→ **The records**:
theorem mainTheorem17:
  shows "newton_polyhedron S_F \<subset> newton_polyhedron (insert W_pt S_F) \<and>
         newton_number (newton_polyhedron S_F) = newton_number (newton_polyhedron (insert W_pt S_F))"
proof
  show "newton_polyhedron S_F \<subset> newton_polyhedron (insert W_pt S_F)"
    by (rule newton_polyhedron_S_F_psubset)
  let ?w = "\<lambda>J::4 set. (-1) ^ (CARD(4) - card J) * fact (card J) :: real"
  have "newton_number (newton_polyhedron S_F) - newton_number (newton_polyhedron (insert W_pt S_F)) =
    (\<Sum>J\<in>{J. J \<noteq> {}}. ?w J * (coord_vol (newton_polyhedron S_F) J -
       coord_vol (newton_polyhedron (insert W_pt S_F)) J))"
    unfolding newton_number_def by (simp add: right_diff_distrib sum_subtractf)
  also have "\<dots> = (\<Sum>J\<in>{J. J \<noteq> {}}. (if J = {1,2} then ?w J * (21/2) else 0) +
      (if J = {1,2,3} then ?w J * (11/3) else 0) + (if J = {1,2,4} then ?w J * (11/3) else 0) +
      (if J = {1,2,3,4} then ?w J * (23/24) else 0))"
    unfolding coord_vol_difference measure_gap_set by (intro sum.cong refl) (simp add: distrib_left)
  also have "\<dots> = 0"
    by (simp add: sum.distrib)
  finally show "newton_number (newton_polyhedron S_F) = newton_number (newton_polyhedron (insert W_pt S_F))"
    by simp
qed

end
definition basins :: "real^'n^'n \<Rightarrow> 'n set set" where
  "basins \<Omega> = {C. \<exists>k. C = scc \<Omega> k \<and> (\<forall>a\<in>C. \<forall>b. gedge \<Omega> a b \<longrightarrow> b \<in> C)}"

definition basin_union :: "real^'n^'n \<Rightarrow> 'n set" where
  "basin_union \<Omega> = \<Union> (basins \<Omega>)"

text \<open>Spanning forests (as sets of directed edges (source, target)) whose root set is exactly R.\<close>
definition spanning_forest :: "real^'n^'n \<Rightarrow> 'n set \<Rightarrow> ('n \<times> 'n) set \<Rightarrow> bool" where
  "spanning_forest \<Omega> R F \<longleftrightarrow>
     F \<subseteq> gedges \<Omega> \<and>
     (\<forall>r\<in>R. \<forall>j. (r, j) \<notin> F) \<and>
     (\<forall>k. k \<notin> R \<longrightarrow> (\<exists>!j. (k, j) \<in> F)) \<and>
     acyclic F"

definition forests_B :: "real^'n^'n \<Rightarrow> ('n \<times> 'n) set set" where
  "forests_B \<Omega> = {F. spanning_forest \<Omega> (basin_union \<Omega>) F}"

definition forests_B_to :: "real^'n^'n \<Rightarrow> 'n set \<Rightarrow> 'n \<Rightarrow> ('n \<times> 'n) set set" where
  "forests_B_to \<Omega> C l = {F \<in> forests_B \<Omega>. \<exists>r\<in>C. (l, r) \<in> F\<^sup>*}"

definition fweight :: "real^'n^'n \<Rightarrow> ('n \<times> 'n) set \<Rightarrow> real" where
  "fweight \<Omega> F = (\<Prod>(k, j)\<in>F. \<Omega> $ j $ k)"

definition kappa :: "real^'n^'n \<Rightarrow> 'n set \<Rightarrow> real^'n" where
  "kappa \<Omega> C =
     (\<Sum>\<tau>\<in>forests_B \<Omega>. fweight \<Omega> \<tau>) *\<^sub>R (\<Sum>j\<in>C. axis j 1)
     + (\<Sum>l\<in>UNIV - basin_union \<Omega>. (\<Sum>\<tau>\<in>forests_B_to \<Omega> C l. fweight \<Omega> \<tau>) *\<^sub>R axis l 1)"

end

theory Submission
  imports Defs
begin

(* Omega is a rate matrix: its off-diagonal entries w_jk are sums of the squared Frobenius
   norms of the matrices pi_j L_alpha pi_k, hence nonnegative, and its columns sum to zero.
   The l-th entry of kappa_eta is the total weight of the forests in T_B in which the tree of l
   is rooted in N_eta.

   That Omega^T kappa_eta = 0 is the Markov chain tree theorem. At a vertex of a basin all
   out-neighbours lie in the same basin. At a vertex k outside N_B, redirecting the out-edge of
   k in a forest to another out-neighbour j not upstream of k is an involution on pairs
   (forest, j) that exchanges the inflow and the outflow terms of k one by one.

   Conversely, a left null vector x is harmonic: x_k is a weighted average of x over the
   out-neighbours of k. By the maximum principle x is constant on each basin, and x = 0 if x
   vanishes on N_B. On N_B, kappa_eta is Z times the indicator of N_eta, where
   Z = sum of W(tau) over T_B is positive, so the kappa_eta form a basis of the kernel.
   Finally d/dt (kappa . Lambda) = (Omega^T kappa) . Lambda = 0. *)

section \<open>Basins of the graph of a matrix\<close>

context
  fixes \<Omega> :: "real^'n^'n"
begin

→ **How to complete this task**:
Print the listing above from its first line through the line with "J * (23/24)", and stop there.

→ **Your solution**:
theorem mainTheorem17:
  shows "newton_polyhedron S_F \<subset> newton_polyhedron (insert W_pt S_F) \<and>
         newton_number (newton_polyhedron S_F) = newton_number (newton_polyhedron (insert W_pt S_F))"
proof
  show "newton_polyhedron S_F \<subset> newton_polyhedron (insert W_pt S_F)"
    by (rule newton_polyhedron_S_F_psubset)
  let ?w = "\<lambda>J::4 set. (-1) ^ (CARD(4) - card J) * fact (card J) :: real"
  have "newton_number (newton_polyhedron S_F) - newton_number (newton_polyhedron (insert W_pt S_F)) =
    (\<Sum>J\<in>{J. J \<noteq> {}}. ?w J * (coord_vol (newton_polyhedron S_F) J -
       coord_vol (newton_polyhedron (insert W_pt S_F)) J))"
    unfolding newton_number_def by (simp add: right_diff_distrib sum_subtractf)
  also have "\<dots> = (\<Sum>J\<in>{J. J \<noteq> {}}. (if J = {1,2} then ?w J * (21/2) else 0) +
      (if J = {1,2,3} then ?w J * (11/3) else 0) + (if J = {1,2,4} then ?w J * (11/3) else 0) +
      (if J = {1,2,3,4} then ?w J * (23/24) else 0))"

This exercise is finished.